Today in History for Feb. 17:
On this date:
In 1673, French playwright Moliere died after collapsing during a performance of his play, "The Imaginary Invalid."
In 1781, Dr. Rene Laennec, inventor of the stethoscope, was born in France. He died in 1826.
In 1858, the Waldensians, considered by many to be the first "Protestants" and who lived in the Italian Alps and survived through persecution for 800 years, were finally guaranteed civil and religious rights. They trace their beginnings back to the teachings of a wealthy merchant named Pater Waldo in the late 1100's, and are considered by many scholars to be "the oldest evangelical church."
In 1867, the first ship passed through the Suez Canal.
In 1867, English chocolate maker William Cadbury was born.
In 1869, the Canadian Society for the Prevention of Cruelty to Animals was organized.
In 1874, IBM founder Thomas J. Watson Sr. was born.
In 1876, Julius Wolff of Eastport, Maine, became the first person to can sardines.
In 1877, the first news dispatch was sent by telephone. The story about a lecture and phone demonstration by Alexander Graham Bell appeared the next day in the Boston Globe.

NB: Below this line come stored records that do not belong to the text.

(* Let $\mathcal E$ be a nest on a complex Banach space $X$ and let $\Psi$ be an essential support function on $\mathcal E$. Then: (i) $\mathcal M^e(\Psi)$ is a $\mathcal T(\mathcal E)$-bimodule containing every $\mathcal T(\mathcal E)$-bimodule $\mathcal J$ with $\Phi^e_{\mathcal J}=\Psi$; (ii) $\mathcal M^0(\Psi)$ is a $\mathcal T(\mathcal E)$-bimodule contained in every norm-closed $\mathcal T(\mathcal E)$-bimodule $\mathcal J$ with $\Phi^e_{\mathcal J}=\Psi$.
   Context: A nest $\mathcal E$ on $X$ is a family of closed linear subspaces of $X$, totally ordered by inclusion, containing $\{0\}$ and $X$, closed under arbitrary meets $\wedge$ (intersections) and joins $\vee$ (norm-closed linear spans of unions). For $E\in\mathcal E$, $E_-=\vee\{F\in\mathcal E: F\subsetneq E\}$ and $E_+=\wedge\{F\in\mathcal E: E\subsetneq F\}$. $\mathcal T(\mathcal E)=\{T\in\mathcal B(X): TE\subseteq E\ \forall E\in\mathcal E\}$; a $\mathcal T(\mathcal E)$-bimodule is a linear subspace $\mathcal J\subseteq\mathcal B(X)$ with $\mathcal T(\mathcal E)\mathcal J,\mathcal J\mathcal T(\mathcal E)\subseteq\mathcal J$. For subspaces $M,L$ ($L$ closed), $M/L=\{m+L:m\in M\}$ and $\dim(M/L)$ is its dimension. $\mathcal E_f=\{N\in\mathcal E: 0<\dim(N/N_-)<\infty\}$. An essential support function is an inclusion-preserving map $\Psi:\mathcal E\to\mathcal E$ such that for all $N,N_1,N_2\in\mathcal E$ with $N_1\subseteq N_2$: (a) $\Psi(N)\in\mathcal E_f\Rightarrow\Psi(N)=\Psi(N)_+$; (b) $\dim(N_2/N_1)<\infty\Rightarrow\Psi(N_2)=\Psi(N_1)$. For a bimodule $\mathcal J$, $\Phi^e_{\mathcal J}(N)=\wedge\{L\in\mathcal E: \dim(TN/L)<\infty\ \forall T\in\mathcal J\}$. Define $\mathcal M^e(\Psi)=\{T\in\mathcal B(X): \dim(TN/L)<\infty$ for all $N,L\in\mathcal E$ with $L_+\supsetneq\Psi(N)\}$ and $\mathcal M^0(\Psi)$ = the norm closure of $\sum_{L,N\in\mathcal E,\ L_-\subsetneq\Psi(N)}\operatorname{span}\{f\otimes x: f\in(N_-)^\perp, x\in L\}$, where $S^\perp=\{f\in X^*: f(S)=\{0\}\}$ and $f\otimes x$ is $y\mapsto f(y)x$. *)

theory Defs
  imports "HOL-Analysis.Analysis"
begin

text \<open>HOL has no class of complex vector spaces; a complex Banach space is a real
Banach space with a complex scalar multiplication extending the real one and
compatible with the norm.\<close>

class complex_banach = banach +
  fixes cscale :: "complex \<Rightarrow> 'a \<Rightarrow> 'a"
  assumes cscale_add_right: "cscale a (x + y) = cscale a x + cscale a y"
    and cscale_add_left: "cscale (a + b) x = cscale a x + cscale b x"
    and cscale_cscale: "cscale a (cscale b x) = cscale (a * b) x"
    and cscale_one: "cscale 1 x = x"
    and scaleR_cscale: "r *\<^sub>R x = cscale (complex_of_real r) x"
    and norm_cscale: "norm (cscale a x) = cmod a * norm x"
definition Xtilde :: "(real \<Rightarrow> real) \<Rightarrow> (nat \<Rightarrow> real \<Rightarrow> real) \<Rightarrow> (real \<Rightarrow> real) \<Rightarrow> real
    \<Rightarrow> int list \<Rightarrow> real \<Rightarrow> real" where
  "Xtilde p r u0 x0 j = (if has_neg j then (\<lambda>x. 0) else Xrec p r u0 x0 (nat (sum_list j)) j)"

primrec crec :: "nat \<Rightarrow> int list \<Rightarrow> nat" where
  "crec 0 j = (if j = replicate (length j) 0 then 1 else 0)"
| "crec (Suc n) j =
     (if has_neg j then 0
      else if odd (Suc n) then crec n (dec j (odd_entry j))
      else (\<Sum>i<length j. crec n (dec j i)))"

definition ctilde :: "int list \<Rightarrow> nat" where
  "ctilde j = (if has_neg j then 0 else crec (nat (sum_list j)) j)"

end

theory Submission
  imports Defs
begin

text \<open>Induction on the total degree n = |j|. An integrand bounded by K |s - x0|^n integrates to at most
  K |x - x0|^(n+1)/(n+1), and the factor n + 1 cancels the denominator. An odd step raises the
  exponent of M_i for the odd coordinate i, an even step raises the exponent of M0 and sums
  over all coordinates, exactly as in the recursion for the integers c_j.\<close>

lemma has_integral_power_from_left:
  fixes a b :: real
  assumes "a \<le> b"
  shows "((\<lambda>s. (s - a) ^ n) has_integral (b - a) ^ Suc n / Suc n) {a..b}"
proof -
  define F where "F s = (s - a) ^ Suc n / Suc n" for s :: real
  have "((\<lambda>s. (s - a) ^ n) has_integral F b - F a) {a..b}"
  proof (rule fundamental_theorem_of_calculus[OF assms])
    fix s assume "s \<in> {a..b}"
    have "(F has_real_derivative real (Suc n) * (s - a) ^ n * 1 / Suc n) (at s within {a..b})"
      unfolding F_def by (intro derivative_eq_intros) auto
    then show "(F has_vector_derivative (s - a) ^ n) (at s within {a..b})"
      by (simp add: has_real_derivative_iff_has_vector_derivative)
  qed
  then show ?thesis by (simp add: F_def)
qed

lemma has_integral_power_from_right:
  fixes a b :: real
  assumes "a \<le> b"
  shows "((\<lambda>s. (b - s) ^ n) has_integral (b - a) ^ Suc n / Suc n) {a..b}"
  using has_integral_power_from_left[of "-b" "-a" n] assms
  by (subst has_integral_reflect_real[symmetric]) (simp add: add.commute)

lemma abs_integral_le_has_integral:
  fixes f g :: "real \<Rightarrow> real"
  assumes g: "(g has_integral I) S" and le: "\<And>s. s \<in> S \<Longrightarrow> \<bar>f s\<bar> \<le> g s"
  shows "\<bar>integral S f\<bar> \<le> I"
proof (cases "f integrable_on S")
  case True
  have "norm (integral S f) \<le> integral S g"
    using True g le by (intro integral_norm_bound_integral) (auto simp: has_integral_integrable)
  then show ?thesis using g by (simp add: integral_unique)
next
  case False
  have "0 \<le> I"
    using le by (intro has_integral_nonneg[OF g]) (meson abs_ge_zero order_trans)
  then show ?thesis using False by (simp add: not_integrable_integral)
qed

lemma abs_scaled_oint_le:
  fixes f :: "real \<Rightarrow> real"
  assumes "K \<ge> 0"
    and le: "\<And>s. s \<in> {min x0 x..max x0 x} \<Longrightarrow> \<bar>f s\<bar> \<le> K * \<bar>s - x0\<bar> ^ n"
  shows "\<bar>real (Suc n) * oint x0 x f\<bar> \<le> K * \<bar>x - x0\<bar> ^ Suc n"
proof -
  have "\<bar>oint x0 x f\<bar> \<le> K * (\<bar>x - x0\<bar> ^ Suc n / Suc n)"
  proof (cases "x0 \<le> x")
    case True
    have "\<bar>integral {x0..x} f\<bar> \<le> K * ((x - x0) ^ Suc n / Suc n)"
      using le True
      by (intro abs_integral_le_has_integral
          [OF has_integral_mult_right[OF has_integral_power_from_left]]) auto
    then show ?thesis using True by (simp add: oint_def)
  next
    case False
    have "\<bar>integral {x..x0} f\<bar> \<le> K * ((x0 - x) ^ Suc n / Suc n)"
      using le False
      by (intro abs_integral_le_has_integral
          [OF has_integral_mult_right[OF has_integral_power_from_right]])
        (auto simp: abs_minus_commute)
    then show ?thesis using False by (simp add: oint_def abs_minus_commute)
  qed
  then show ?thesis
    by (simp add: abs_mult field_simps del: of_nat_Suc)
qed
lemma subseq_Tseq_map_prefix_code:
  assumes "sorted_wrt (<) ns" "\<forall>n\<in>set ns. r n \<and> n < k \<and> bit (prefix_code r n) i = b"
  shows "subseq (map (\<lambda>n. 2 * s + int (prefix_code r n)) ns) (Tseq k s i b)"
proof (rule sorted_subset_imp_subseq)
  show "sorted_wrt (<) (map (\<lambda>n. 2 * s + int (prefix_code r n)) ns)"
    using assms by (intro sorted_map_prefix_code) auto
  show "sorted_wrt (\<le>) (Tseq k s i b)"
    using sorted_Tseq by (rule sorted_wrt_mono_rel[rotated]) simp
  show "set (map (\<lambda>n. 2 * s + int (prefix_code r n)) ns) \<subseteq> set (Tseq k s i b)"
    using assms(2) prefix_code_bounds unfolding set_Tseq by fastforce
qed

lemma exists_subseq_Tseq_tails:
  "\<exists>E. sorted_wrt (<) E \<and> length E = (\<Sum>i<k. of_bool (r i)) \<and> (\<forall>v\<in>set E. 2 * s < v) \<and>
     (\<forall>i<k. subseq E (Tseq k s i False @ (if r i then Tseq k s i True else [])))"
proof -
  \<comment> \<open>Along \<open>E\<close> the bits switch on one coordinate at a time, in increasing order.\<close>
  define E where "E = map (\<lambda>n. 2 * s + int (prefix_code r n)) (filter r [0..<k])"
  have "subseq E (Tseq k s i False @ (if r i then Tseq k s i True else []))" if "i < k" for i
  proof (cases "r i")
    case True
    have "filter r [0..<k] = filter r [0..<i] @ filter r [i..<k]"
      using upt_add_eq_append[of 0 i "k - i"] that by simp
    then have "E = map (\<lambda>n. 2 * s + int (prefix_code r n)) (filter r [0..<i]) @
        map (\<lambda>n. 2 * s + int (prefix_code r n)) (filter r [i..<k])"
      unfolding E_def by simp
    moreover have "subseq (map (\<lambda>n. 2 * s + int (prefix_code r n)) (filter r [0..<i])) (Tseq k s i False)"
      using that by (intro subseq_Tseq_map_prefix_code) (auto simp: bit_prefix_code_iff sorted_wrt_filter)
    moreover have "subseq (map (\<lambda>n. 2 * s + int (prefix_code r n)) (filter r [i..<k])) (Tseq k s i True)"
      using True by (intro subseq_Tseq_map_prefix_code) (auto simp: bit_prefix_code_iff sorted_wrt_filter)
    ultimately show ?thesis
      using True by (simp add: list_emb_append_mono)
  next
    case False
    have "subseq E (Tseq k s i False)"
      unfolding E_def using False
      by (intro subseq_Tseq_map_prefix_code) (auto simp: bit_prefix_code_iff sorted_wrt_filter)
    then show ?thesis
      using False by simp
  qed
  moreover have "sorted_wrt (<) E"
    unfolding E_def by (intro sorted_map_prefix_code) (auto simp: sorted_wrt_filter)
  moreover have "length E = (\<Sum>i<k. of_bool (r i))"
    unfolding E_def by (induction k) auto
  moreover have "\<forall>v\<in>set E. 2 * s < v"
    using prefix_code_bounds unfolding E_def by fastforce
  ultimately show ?thesis by blast
qed

lemma filter_Tseq:
  "filter (\<lambda>v. v \<le> 2 * s) (Tseq k s i b) = []"
  "filter (\<lambda>v. 2 * s < v) (Tseq k s i b) = Tseq k s i b"
  by (auto simp: filter_id_conv filter_empty_conv dest: Tseq_gt)

lemma prefix_blocks_0: "prefix_blocks blk 0 = blk 0"
  unfolding prefix_blocks_def by simp

lemma prefix_blocks_Suc: "prefix_blocks blk (Suc j) = prefix_blocks blk j @ blk (Suc j)"
  unfolding prefix_blocks_def by simp

lemma in_set_prefix_blocks_iff: "x \<in> set (prefix_blocks blk j) \<longleftrightarrow> (\<exists>q\<le>j. x \<in> set (blk q))"
  unfolding prefix_blocks_def by (auto simp: less_Suc_eq_le simp del: upt_Suc)

lemma beta_even: "even j \<Longrightarrow> beta k s alpha i j = inflate (alpha i (j div 2)) @ Tseq k s i False"
  unfolding beta_def by simp

lemma beta_odd: "odd j \<Longrightarrow> beta k s alpha i j = Tseq k s i True"
  unfolding beta_def by simp
lemma measurable_perm_gauss_model_iff:
  "f \<in> perm_gauss_model n ts \<rightarrow>\<^sub>M N \<longleftrightarrow>
   f \<in> count_space (perms n) \<Otimes>\<^sub>M PiM {..<n} (\<lambda>_. lborel::real measure) \<rightarrow>\<^sub>M N"
  by (subst measurable_cong_sets[OF sets_perm_gauss_model[of n ts] refl]) (rule refl)

lemma measurable_perm_gauss_model:
  assumes "\<And>p. p \<in> perms n \<Longrightarrow> (\<lambda>x. f (p, x)) \<in> PiM {..<n} (\<lambda>_. lborel) \<rightarrow>\<^sub>M N"
  shows "f \<in> perm_gauss_model n ts \<rightarrow>\<^sub>M N"
  unfolding measurable_perm_gauss_model_iff
  by (rule measurable_pair_measure_countable1) (use assms in \<open>auto simp: countable_finite finite_perms\<close>)

lemma nn_integral_perm_gauss_model:
  assumes [measurable]: "\<And>p. p \<in> perms n \<Longrightarrow> f p \<in> borel_measurable (PiM {..<n} (\<lambda>_. lborel))"
  shows "(\<integral>\<^sup>+ \<omega>. f (fst \<omega>) (snd \<omega>) \<partial>perm_gauss_model n ts) =
    (\<Sum>p\<in>perms n. ennreal (1 / fact n) * \<integral>\<^sup>+ x. prod_gauss n (ts \<circ> p) x * f p x \<partial>PiM {..<n} (\<lambda>_. lborel))"
proof -
  interpret P: product_sigma_finite "\<lambda>_::nat. (lborel::real measure)"
    by (simp add: product_sigma_finite_def sigma_finite_lborel)
  interpret S: sigma_finite_measure "PiM {..<n} (\<lambda>_. lborel::real measure)"
    using P.sigma_finite[of "{..<n}"] by simp
  let ?d = "\<lambda>(p, x). ennreal ((1 / fact n) * (\<Prod>k<n. gauss (ts (p k)) (x k)))"
  have countable: "countable (perms n)" by (simp add: countable_finite finite_perms)
  have dm: "?d \<in> borel_measurable (count_space (perms n) \<Otimes>\<^sub>M PiM {..<n} (\<lambda>_. lborel))"
    by (rule measurable_pair_measure_countable1[OF countable]) simp
  have fm: "(\<lambda>\<omega>. f (fst \<omega>) (snd \<omega>)) \<in> borel_measurable (count_space (perms n) \<Otimes>\<^sub>M PiM {..<n} (\<lambda>_. lborel))"
    by (rule measurable_pair_measure_countable1[OF countable]) simp
  have d: "ennreal ((1 / fact n) * (\<Prod>k<n. gauss (ts (p k)) (x k))) = ennreal (1 / fact n) * prod_gauss n (ts \<circ> p) x"
    for p x
    by (simp add: ennreal_mult[symmetric] prod_nonneg prod_ennreal normal_density_nonneg)
  have "(\<integral>\<^sup>+ \<omega>. f (fst \<omega>) (snd \<omega>) \<partial>perm_gauss_model n ts)
      = (\<integral>\<^sup>+ \<omega>. ?d \<omega> * f (fst \<omega>) (snd \<omega>) \<partial>(count_space (perms n) \<Otimes>\<^sub>M PiM {..<n} (\<lambda>_. lborel)))"
    unfolding perm_gauss_model_def by (rule nn_integral_density[OF dm fm])
  also have "\<dots> = (\<integral>\<^sup>+ p. \<integral>\<^sup>+ x. ?d (p, x) * f p x \<partial>PiM {..<n} (\<lambda>_. lborel) \<partial>count_space (perms n))"
    by (subst S.nn_integral_fst[symmetric]) (use dm fm in \<open>simp_all add: split_beta'\<close>)
  also have "\<dots> = (\<Sum>p\<in>perms n. \<integral>\<^sup>+ x. ?d (p, x) * f p x \<partial>PiM {..<n} (\<lambda>_. lborel))"
    by (rule nn_integral_count_space_finite[OF finite_perms])
  also have "\<dots> = (\<Sum>p\<in>perms n. ennreal (1 / fact n) * \<integral>\<^sup>+ x. prod_gauss n (ts \<circ> p) x * f p x \<partial>PiM {..<n} (\<lambda>_. lborel))"
  proof (rule sum.cong[OF refl])
    fix p assume "p \<in> perms n"
    then have [measurable]: "f p \<in> borel_measurable (PiM {..<n} (\<lambda>_. lborel))" by (rule assms)
    have "(\<integral>\<^sup>+ x. ?d (p, x) * f p x \<partial>PiM {..<n} (\<lambda>_. lborel))
        = (\<integral>\<^sup>+ x. ennreal (1 / fact n) * (prod_gauss n (ts \<circ> p) x * f p x) \<partial>PiM {..<n} (\<lambda>_. lborel))"
      by (simp only: prod.case d mult.assoc)
    also have "\<dots> = ennreal (1 / fact n) * \<integral>\<^sup>+ x. prod_gauss n (ts \<circ> p) x * f p x \<partial>PiM {..<n} (\<lambda>_. lborel)"
      by (rule nn_integral_cmult) measurable
    finally show "(\<integral>\<^sup>+ x. ?d (p, x) * f p x \<partial>PiM {..<n} (\<lambda>_. lborel))
        = ennreal (1 / fact n) * \<integral>\<^sup>+ x. prod_gauss n (ts \<circ> p) x * f p x \<partial>PiM {..<n} (\<lambda>_. lborel)" .
  qed
  finally show ?thesis .
qed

In 1909, Chiricahua Apache leader Geronimo (also known as Goyathlay, "One Who Yawns") died at Fort Sill, Okla., at age 79.
In 1919, former prime minister Sir Wilfrid Laurier died of a stroke in Ottawa at age 77. The first Canadian prime minister of French ancestry, Laurier spent 45 uninterrupted years in the House of Commons. He served as prime minister from 1896 to 1911, the longest unbroken tenure in Canadian history.
In 1932, following a 48-day manhunt, Albert Johnson, known as the Mad Trapper, was shot dead by the RCMP in the northern Yukon. Johnson, whose background remains a mystery, had eluded police after wounding an officer investigating a complaint about trap lines. Another Mountie was killed during the chase.
In 1959, the United States launched "Vanguard 2," a satellite carrying meteorological equipment.
In 1960, Prime Minister John Diefenbaker opened the National Gallery of Canada in Ottawa.
In 1965, Prime Minister Lester Pearson announced that old-age pensions would be made payable at age 65 instead of 70, with the change to be phased in over five years.
In 1982, Gordon Kesler won a provincial byelection in Alberta to become the first elected member of the separatist Western Canada Concept party.
In 1982, the British Parliament approved in principle the proposed Canadian Constitution.
In 1983, the Newfoundland Supreme Court ruled the province owned offshore resources as far as the territorial limit, but not to the edge of the continental shelf.
In 1986, Johnson & Johnson, the maker of Tylenol, announced it would no longer sell over-the-counter medications in capsule form. The move followed the death of an American woman who had taken a cyanide-laced capsule.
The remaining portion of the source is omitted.